Caster sugar is superfine granulated sugar, common in UK and Australian recipes. A US cup weighs 200g, the same as regular granulated, because the smaller crystals settle into nearly identical packing. This page converts caster sugar grams to cups for creaming, meringues, and delicate batters.

Caster sugar grams to cups chart (US cup)

GramsCups (approx.)Decimal cups
25 g⅛ cup0.12
50 g¼ cup0.25
75 g0.38 cup0.38
100 g½ cup0.5
125 g0.62 cup0.62
150 g¾ cup0.75
175 g⅞ cup0.88
200 g1 cup1
250 g1¼ cups1.25
300 g1½ cups1.5
400 g2 cups2
500 g2½ cups2.5

Why caster sugar weighs what it does

Caster sugar's crystals are roughly half the size of standard granulated, but the sugar itself is the same pure sucrose at the same crystal density, so a cup still lands at about 200g. The finer grains pack the gaps between larger ones slightly more efficiently, yet the difference is within measuring noise. Where it does shift is moisture and clumping: caster left in a humid pantry absorbs water and weighs marginally heavier per cup, and golden (unrefined) caster runs a touch denser than white.

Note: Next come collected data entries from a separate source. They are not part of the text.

lemma degree_heap_le: "k \<ge> 1 \<Longrightarrow> degree {0..<n} (heap_edges k n) v \<le> k + 1"
proof -
  assume k: "k \<ge> 1"
  have "degree {0..<n} (heap_edges k n) v \<le> card (insert (heap_parent k v) {k * v + 1..k * v + k})"
    unfolding degree_def by (rule card_mono[OF _ heap_neighbours_subset[OF k]]) simp
  also have "\<dots> \<le> Suc (card {k * v + 1..k * v + k})" by (rule card_insert_le_m1) auto
  finally show ?thesis by simp
qed

lemma degree_heap_one:
  assumes k: "k \<ge> 1" and n: "2 * k < n"
  shows "degree {0..<n} (heap_edges k n) 1 \<ge> k + 1"
proof -
  have "insert 0 {k + 1..2 * k} \<subseteq> {u \<in> {0..<n}. {u, 1} \<in> heap_edges k n}"
  proof
    fix u assume u: "u \<in> insert 0 {k + 1..2 * k}"
    have "heap_parent k u = 1" if "u \<noteq> 0"
      using u that k unfolding heap_parent_def by (intro div_nat_eqI) auto
    then show "u \<in> {u \<in> {0..<n}. {u, 1} \<in> heap_edges k n}"
      using u n k heap_edges_iff[OF k] by (auto simp: heap_parent_def)
  qed
  then have "card (insert 0 {k + 1..2 * k}) \<le> degree {0..<n} (heap_edges k n) 1"
    unfolding degree_def by (intro card_mono) auto
  then show ?thesis by simp
qed

lemma max_degree_heap:
  assumes k: "k \<ge> 1" and n: "2 * k < n"
  shows "max_degree {0..<n} (heap_edges k n) = k + 1"
  unfolding max_degree_def
proof (rule antisym)
  have "1 \<in> {0..<n}" using k n by auto
  then have "degree {0..<n} (heap_edges k n) 1 \<le> Max (degree {0..<n} (heap_edges k n) ` {0..<n})"
    by (intro Max_ge) auto
  with degree_heap_one[OF k n] show "k + 1 \<le> Max (degree {0..<n} (heap_edges k n) ` {0..<n})"
    by linarith
  show "Max (degree {0..<n} (heap_edges k n) ` {0..<n}) \<le> k + 1"
    using degree_heap_le[OF k] \<open>1 \<in> {0..<n}\<close> by (intro Max.boundedI) auto
qed

fun graph_ball :: "'b set \<Rightarrow> 'b set set \<Rightarrow> 'b \<Rightarrow> nat \<Rightarrow> 'b set" where
  "graph_ball V E x 0 = {x}"
| "graph_ball V E x (Suc j) = graph_ball V E x j \<union> {y \<in> V. \<exists>z \<in> graph_ball V E x j. {z, y} \<in> E}"

lemma center_in_graph_ball: "x \<in> graph_ball V E x j"
  by (induction j) auto

lemma graph_ball_subset: "x \<in> V \<Longrightarrow> graph_ball V E x j \<subseteq> V"
  by (induction j) auto

lemma finite_graph_ball: "finite V \<Longrightarrow> x \<in> V \<Longrightarrow> finite (graph_ball V E x j)"
  using graph_ball_subset finite_subset by metis
definition A_term :: "nat \<Rightarrow> nat \<Rightarrow> 'a::field fps" where
  "A_term k n = q ^ (2*n*n + (2*k+2)*n) * poch_plus 1 n * poch_plus (2*k+1) n
                * inverse (poch_minus 3 n * poch_minus (2*k+1) (Suc n))"

lemma A_term_Suc_right:
  "(1 - q ^ (2*n+3)) * (1 - q ^ (2*k+2*n+3)) * A_term k (Suc n)
     = q ^ (4*n+2*k+4) * (1 + q ^ (2*n+1)) * (1 + q ^ (2*k+2*n+1)) * (A_term k n :: 'a::field fps)"
proof -
  define c :: "'a fps" where "c = (1 - q ^ (2*n+3)) * (1 - q ^ (2*k+2*n+3))"
  have pw: "q ^ (2*Suc n*Suc n + (2*k+2)*Suc n) = q ^ (2*n*n + (2*k+2)*n) * (q ^ (4*n+2*k+4) :: 'a fps)"
    by (rule power_add_eq[symmetric]) (simp add: algebra_simps)
  have ex: "1 + 2*n = 2*n+1" "2*k+1+2*n = 2*k+2*n+1" "3+2*n = 2*n+3" "2*k+1+2*Suc n = 2*k+2*n+3"
    by simp_all
  have "c * inverse c = 1"
    unfolding c_def by (intro inverse_mult_eq_1') simp
  moreover have "c * A_term k (Suc n)
      = (c * inverse c) * (q ^ (4*n+2*k+4) * (1 + q ^ (2*n+1)) * (1 + q ^ (2*k+2*n+1)) * A_term k n)"
    unfolding c_def A_term_def poch_plus_Suc poch_minus_Suc pw ex fps_inverse_mult
    by (simp only: mult_ac)
  ultimately show ?thesis
    by (simp add: c_def)
qed

lemma A_term_Suc_left:
  "(1 + q ^ (2*k+1)) * (1 - q ^ (2*k+2*n+3)) * A_term (Suc k) n
     = q ^ (2*n) * (1 + q ^ (2*k+2*n+1)) * (1 - q ^ (2*k+1)) * (A_term k n :: 'a::field fps)"
proof -
  define c1 :: "'a fps" where "c1 = 1 + q ^ (2*k+1)"
  define c2 :: "'a fps" where "c2 = 1 - q ^ (2*k+2*n+3)"
  have pw: "q ^ (2*n*n + (2*Suc k+2)*n) = q ^ (2*n*n + (2*k+2)*n) * (q ^ (2*n) :: 'a fps)"
    by (rule power_add_eq[symmetric]) (simp add: algebra_simps)
  have ex: "2 * Suc k + 1 = 2*k+1+2" "2*k+1+2*n = 2*k+2*n+1" "2*k+1+2*Suc n = 2*k+2*n+3"
    by simp_all
  have pos: "0 < 2*k+1"
    by simp
  have inv_inv: "inverse (inverse (1 - q ^ (2*k+1))) = (1 - q ^ (2*k+1) :: 'a fps)"
    by (rule fps_inverse_idempotent) simp
  have "c1 * inverse c1 = 1" "c2 * inverse c2 = 1"
    unfolding c1_def c2_def by (intro inverse_mult_eq_1'; simp)+
  moreover have "c1 * c2 * A_term (Suc k) n
      = (c1 * inverse c1) * (c2 * inverse c2)
        * (q ^ (2*n) * (1 + q ^ (2*k+2*n+1)) * (1 - q ^ (2*k+1)) * A_term k n)"
    unfolding A_term_def pw ex poch_plus_shift[OF pos] poch_minus_shift[OF pos]
      fps_inverse_mult inv_inv c1_def c2_def
    by (simp only: mult_ac)
  ultimately show ?thesis
    by (simp add: c1_def c2_def)
qed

How to measure caster sugar

Stir the caster first to break any humidity clumps, then spoon it into the cup and level with a straight edge. Don't tap or pack it; caster compacts more readily than coarse sugar, and a few firm taps can add 10 to 15g. For meringues and creaming, weighing to 200g per cup is far more reliable than scooping.

Common mistake

Assuming caster and powdered (icing) sugar are interchangeable because both look fine. They are not: powdered sugar contains cornstarch and weighs only about 120g per cup, so swapping cup-for-cup throws a recipe off badly. Caster matches granulated by weight, not the sugars sold as confectioners'.

Other cup sizes

Cup type1 cup of caster sugar
US cup (240 ml)200 g
Metric cup (250 ml)208 g
Australian / South African cup (250 ml)208 g
Imperial cup (284 ml)237 g

Where it matters

Caster sugar shines where fast dissolving matters: meringues, pavlova, sponge and Victoria cakes, mousses, and creamed butter mixtures that need a smooth, grit-free finish. In these, the 200g-per-cup conversion lets you follow American volume recipes precisely, or scale a British metric recipe without guessing how the finer crystals affect the cup.

FAQ

Is caster sugar the same weight as granulated sugar per cup?

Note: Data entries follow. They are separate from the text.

text \<open>Outside the events \<open>\<parallel>X j - X\<^sup># i\<parallel> \<le> \<parallel>X (\<pi> i) - X\<^sup># i\<parallel>\<close> (for \<open>j \<noteq> \<pi> i\<close>) and
  \<open>X (\<pi> i) = X\<^sup># i\<close>, every row \<open>i\<close> of the distance matrix attains a strict and positive
  minimum at the true partner \<open>\<pi> i\<close>, and then each of the four estimators returns \<open>\<pi>\<close>.
  With a common noise level the difference of the two squared distances is a quadratic form
  in independent standard Gaussians whose exponential moments are explicit; a Chernoff bound
  with a parameter \<open>s \<le> 1/8\<close> gives each of these \<open>n\<^sup>2\<close> events probability at most \<open>\<alpha>/n\<^sup>2\<close>
  once the relative separation exceeds the threshold, and a union bound concludes.\<close>

abbreviation std_normal :: "real measure" where
  "std_normal \<equiv> density lborel std_normal_density"

section \<open>Exponential moments of Gaussian quadratic forms\<close>

lemma nn_integral_normal_density:
  assumes "0 < s"
  shows "(\<integral>\<^sup>+x. ennreal (normal_density \<mu> s x) \<partial>lborel) = 1"
proof -
  interpret prob_space "density lborel (normal_density \<mu> s)"
    using prob_space_normal_density assms by auto
  show ?thesis
    using emeasure_space_1 by (simp add: emeasure_density)
qed

lemma nn_integral_std_normal_exp_quadratic:
  fixes a b :: real
  assumes a: "a < 1/2"
  shows "(\<integral>\<^sup>+x. ennreal (exp (a*x^2 + b*x)) \<partial>std_normal)
    = ennreal (exp (b^2/(2*(1-2*a))) / sqrt (1-2*a))"
proof -
  define c where "c = 1 - 2*a"
  define s where "s = 1 / sqrt c"
  define \<mu> where "\<mu> = b / c"
  have c0: "c > 0" using a by (simp add: c_def)
  have s0: "s > 0" using c0 by (simp add: s_def)
  have s2: "s^2 = 1/c" using c0 by (simp add: s_def power_divide)
  have complete_square: "- x\<^sup>2 / 2 + (a*x^2 + b*x) = b^2/(2*c) + (-(x - \<mu>)\<^sup>2/ (2 * s\<^sup>2))" for x
  proof -
    have aa: "a = (1-c)/2" by (simp add: c_def)
    show ?thesis
      using c0 unfolding s2 \<mu>_def aa by (simp add: field_simps power2_eq_square)
  qed
  have density_eq: "std_normal_density x * exp (a*x^2 + b*x)
      = (exp (b^2/(2*c)) * s) * normal_density \<mu> s x" for x
  proof -
    have "exp (- x\<^sup>2 / 2) * exp (a*x^2 + b*x) = exp (b^2/(2*c)) * exp (-(x - \<mu>)\<^sup>2/ (2 * s\<^sup>2))"
      unfolding exp_add[symmetric] complete_square ..
    moreover have "sqrt (2 * pi * s\<^sup>2) = sqrt (2 * pi) * s"
      using s0 by (simp add: real_sqrt_mult)
    ultimately show ?thesis
      unfolding std_normal_density_def normal_density_def using s0 by (simp add: field_simps)
  qed
  have "(\<integral>\<^sup>+x. ennreal (exp (a*x^2 + b*x)) \<partial>std_normal)
      = (\<integral>\<^sup>+x. ennreal (std_normal_density x) * ennreal (exp (a*x^2 + b*x)) \<partial>lborel)"
    by (subst nn_integral_density) auto
  also have "\<dots> = (\<integral>\<^sup>+x. ennreal (exp (b^2/(2*c)) * s) * ennreal (normal_density \<mu> s x) \<partial>lborel)"
    using s0 by (intro nn_integral_cong) (simp add: density_eq[symmetric] ennreal_mult'[symmetric])
  also have "\<dots> = ennreal (exp (b^2/(2*c)) * s)"
    by (subst nn_integral_cmult) (auto simp: nn_integral_normal_density s0)
  finally show ?thesis by (simp add: s_def c_def)
qed

lemma nn_integral_std_normal_mult_exp_quadratic:
  fixes a b K M :: real
  assumes a: "a < 1/2" and M: "0 \<le> M" and E: "\<And>x. E x = K + a*x^2 + b*x"
  shows "(\<integral>\<^sup>+x. ennreal (M * exp (E x)) \<partial>std_normal)
    = ennreal (M * exp (K + b^2/(2*(1-2*a))) / sqrt (1-2*a))"
proof -
  have "(\<integral>\<^sup>+x. ennreal (M * exp (E x)) \<partial>std_normal)
      = (\<integral>\<^sup>+x. ennreal (M * exp K) * ennreal (exp (a*x^2 + b*x)) \<partial>std_normal)"
    by (rule nn_integral_cong)
      (simp add: E exp_add[symmetric] ennreal_mult'[symmetric] M add.assoc mult.assoc)
  also have "\<dots> = ennreal (M * exp K) * ennreal (exp (b^2/(2*(1-2*a))) / sqrt (1-2*a))"
    by (simp add: nn_integral_cmult nn_integral_std_normal_exp_quadratic[OF a])
  also have "\<dots> = ennreal (M * exp (K + b^2/(2*(1-2*a))) / sqrt (1-2*a))"
    by (subst ennreal_mult[symmetric]) (use a in \<open>auto simp: M exp_add mult.assoc\<close>)
  finally show ?thesis .
qed

text \<open>For independent standard normals \<open>a, b, c\<close>, the moment
  \<open>E exp (-s ((r + a - c)\<^sup>2 - (b - c)\<^sup>2))\<close> is computed by integrating out \<open>b\<close>, then \<open>a\<close>,
  then \<open>c\<close>; these are the intermediate closed forms.\<close>

definition mismatch_mgf_b :: "real \<Rightarrow> real \<Rightarrow> real \<Rightarrow> real \<Rightarrow> real" where
  "mismatch_mgf_b s r a c =
     exp (-s*(r+a-c)^2 + s*c^2 + 2* s^2*c^2/(1-2* s)) / sqrt (1-2* s)"

definition mismatch_mgf_ab :: "real \<Rightarrow> real \<Rightarrow> real \<Rightarrow> real" where
  "mismatch_mgf_ab s r c =
     exp (-s*(r-c)^2 + s*c^2 + 2* s^2*c^2/(1-2* s) + 2* s^2*(r-c)^2/(1+2* s))
       / (sqrt (1-2* s) * sqrt (1+2* s))"

lemma nn_integral_mismatch_exp:
  assumes "0 < s" "s < 1/2"
  shows "(\<integral>\<^sup>+b. ennreal (exp (-s*((r+a-c)^2 - (b-c)^2))) \<partial>std_normal)
    = ennreal (mismatch_mgf_b s r a c)"
proof -
  have "(\<integral>\<^sup>+b. ennreal (1 * exp (-s*((r+a-c)^2 - (b-c)^2))) \<partial>std_normal)
      = ennreal (1 * exp ((-s*(r+a-c)^2 + s*c^2) + (-2* s*c)^2/(2*(1-2* s))) / sqrt (1-2* s))"
    by (rule nn_integral_std_normal_mult_exp_quadratic)
      (use assms in \<open>auto simp: power2_eq_square algebra_simps\<close>)
  moreover have "(-2* s*c)^2/(2*(1-2* s)) = 2* s^2*c^2/(1-2* s)"
    using assms by (simp add: power2_eq_square field_simps)
  ultimately show ?thesis
    unfolding mismatch_mgf_b_def by (simp add: add.assoc)
qed

lemma nn_integral_mismatch_mgf_b:
  assumes "0 < s" "s < 1/2"
  shows "(\<integral>\<^sup>+a. ennreal (mismatch_mgf_b s r a c) \<partial>std_normal) = ennreal (mismatch_mgf_ab s r c)"
proof -
  have "(\<integral>\<^sup>+a. ennreal ((1/sqrt (1-2* s))
          * exp (-s*(r+a-c)^2 + s*c^2 + 2* s^2*c^2/(1-2* s))) \<partial>std_normal)
      = ennreal ((1/sqrt (1-2* s)) * exp ((-s*(r-c)^2 + s*c^2 + 2* s^2*c^2/(1-2* s))
          + (-2* s*(r-c))^2/(2*(1-2*(-s)))) / sqrt (1-2*(-s)))"
    by (rule nn_integral_std_normal_mult_exp_quadratic)
      (use assms in \<open>auto simp: power2_eq_square algebra_simps\<close>)
  moreover have "(-2* s*(r-c))^2/(2*(1-2*(-s))) = 2* s^2*(r-c)^2/(1+2* s)"
    using assms by (simp add: power2_eq_square field_simps)
  ultimately show ?thesis
    unfolding mismatch_mgf_b_def mismatch_mgf_ab_def by (simp add: add.assoc)
qed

Yes. Both are about 200g per US cup. The crystal size differs, but the density of the sugar itself is the same, so the weights match.

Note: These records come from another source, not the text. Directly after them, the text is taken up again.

(* Let $X=\prod_{p=1}^{n_0}X_p$ where each $X_p$ is a compact metric space of finite topological dimension $d_p$, and set $M=\sum_{p=1}^{n_0}d_p$. Let $\psi_{pq}:X_p\to[0,1]$ ($p=1,\dots,n_0$, $q=1,\dots,2M+1$) be continuous functions such that every $f\in C(X)$ can be written as $f(x_1,\dots,x_{n_0})=\sum_{q=1}^{2M+1}h_q\big(\sum_{p=1}^{n_0}\psi_{pq}(x_p)\big)$ with $h_q\in C(\mathbb{R})$, and set $s_q(x_1,\dots,x_{n_0})=\sum_{p=1}^{n_0}\psi_{pq}(x_p)$ and $F=(s_1,\dots,s_{2M+1}):X\to\mathbb{R}^{2M+1}$. Let $\mathcal{A}(X)\subset C(X)$ be a feature family containing $s_1,\dots,s_{2M+1}$. Assume $\sigma:\mathbb{R}\to\mathbb{R}$ is continuous and nonaffine, and that there exist $t_0\in\mathbb{R}$ and an open neighborhood $U$ of $t_0$ such that $\sigma$ is differentiable on $U$ and $\sigma'$ is continuous at $t_0$ with $\sigma'(t_0)\neq0$. Then for every $m\ge1$, every compact $K\subset X$, every $g\in C(K;\mathbb{R}^m)$ and every $\varepsilon>0$ there is $H\in\mathcal{N}^{(2M+m+3,m)}(X,\sigma;F)$ with $\sup_{x\in K}\|g(x)-H(x)\|_{\mathbb{R}^m}<\varepsilon$.
   Context: Ostrand's extension of the Kolmogorov superposition theorem guarantees that functions $\psi_{pq}$ as in the claim exist. A classical deep feedforward network $\Phi:\mathbb{R}^n\to\mathbb{R}^m$ with activation $\sigma$ is a map $\Phi=T_{l+1}\circ\sigma\circ T_l\circ\cdots\circ\sigma\circ T_0$ with affine maps $T_0:\mathbb{R}^n\to\mathbb{R}^{k_0}$, $T_j:\mathbb{R}^{k_{j-1}}\to\mathbb{R}^{k_j}$, $T_{l+1}:\mathbb{R}^{k_l}\to\mathbb{R}^m$, $\sigma$ acting componentwise; its width is $\max_j k_j$, with arbitrary depth $l$. For $F=(f_1,\dots,f_n)$ with $f_i\in\mathcal{A}(X)$, $k\in\mathbb{N}$ and $m\ge1$, $\mathcal{N}^{(k,m)}(X,\sigma;F)$ denotes the set of all $H:X\to\mathbb{R}^m$ of the form $H=\Phi\circ F$ where $\Phi:\mathbb{R}^n\to\mathbb{R}^m$ is a classical deep feedforward network with activation $\sigma$ and width at most $k$. *)

theory Defs
  imports "HOL-Analysis.Analysis"
begin

definition covering_dim_le :: "'a::topological_space set \<Rightarrow> nat \<Rightarrow> bool" where
  "covering_dim_le S d \<longleftrightarrow>
     (\<forall>\<U>. finite \<U> \<and> (\<forall>U\<in>\<U>. openin (top_of_set S) U) \<and> S \<subseteq> \<Union>\<U> \<longrightarrow>
        (\<exists>\<V>. finite \<V> \<and> (\<forall>V\<in>\<V>. openin (top_of_set S) V) \<and> S \<subseteq> \<Union>\<V> \<and>
             (\<forall>V\<in>\<V>. \<exists>U\<in>\<U>. V \<subseteq> U) \<and>
             (\<forall>x\<in>S. card {V\<in>\<V>. x \<in> V} \<le> d + 1)))"

definition has_top_dim :: "'a::topological_space set \<Rightarrow> nat \<Rightarrow> bool" where
  "has_top_dim S d \<longleftrightarrow> covering_dim_le S d \<and> (\<forall>d'<d. \<not> covering_dim_le S d')"

text \<open>Vectors in R^k are represented as functions nat => real, with
components outside {..<k} equal to 0.\<close>

definition affine_map ::
  "(nat \<Rightarrow> nat \<Rightarrow> real) \<Rightarrow> (nat \<Rightarrow> real) \<Rightarrow> nat \<Rightarrow> nat \<Rightarrow> (nat \<Rightarrow> real) \<Rightarrow> (nat \<Rightarrow> real)" where
  "affine_map W b n k x = (\<lambda>i. if i < k then (\<Sum>j<n. W i j * x j) + b i else 0)"

text \<open>Hidden part sigma o T_l o ... o sigma o T_0; each layer is (W, b, output dimension).\<close>
fun hidden_eval ::
  "(real \<Rightarrow> real) \<Rightarrow> nat \<Rightarrow> ((nat \<Rightarrow> nat \<Rightarrow> real) \<times> (nat \<Rightarrow> real) \<times> nat) list
     \<Rightarrow> (nat \<Rightarrow> real) \<Rightarrow> (nat \<Rightarrow> real)" where
  "hidden_eval \<sigma> n [] x = x"
| "hidden_eval \<sigma> n ((W, b, k) # Ls) x =
     hidden_eval \<sigma> k Ls (\<lambda>i. if i < k then \<sigma> (affine_map W b n k x i) else 0)"

definition is_network ::
  "(real \<Rightarrow> real) \<Rightarrow> nat \<Rightarrow> nat \<Rightarrow> nat \<Rightarrow> ((nat \<Rightarrow> real) \<Rightarrow> (nat \<Rightarrow> real)) \<Rightarrow> bool" where
  "is_network \<sigma> n m k \<Phi> \<longleftrightarrow>
     (\<exists>Ls Wo bo. Ls \<noteq> [] \<and> (\<forall>(W, b, kj)\<in>set Ls. kj \<le> k) \<and>
        \<Phi> = (\<lambda>x. affine_map Wo bo (snd (snd (last Ls))) m (hidden_eval \<sigma> n Ls x)))"

definition NN ::
  "nat \<Rightarrow> nat \<Rightarrow> 'x set \<Rightarrow> (real \<Rightarrow> real) \<Rightarrow> nat \<Rightarrow> ('x \<Rightarrow> (nat \<Rightarrow> real)) \<Rightarrow> ('x \<Rightarrow> (nat \<Rightarrow> real)) set" where
  "NN k m X \<sigma> n F = {H. \<exists>\<Phi>. is_network \<sigma> n m k \<Phi> \<and> (\<forall>x\<in>X. H x = \<Phi> (F x))}"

Can I substitute caster sugar for granulated 1:1?

By weight and by volume, yes. Caster simply dissolves faster, which is an advantage in meringues and creaming but makes no difference to the conversion.

How many cups is 200g of caster sugar?

Exactly 1 US cup, at 200g per cup. So 100g is half a cup and 400g is 2 cups.

Is caster sugar the same as powdered or icing sugar?

No. Powdered (icing/confectioners') sugar is ground to a powder and contains anti-caking starch, weighing only around 120g per cup. Caster is fine granulated and weighs 200g per cup.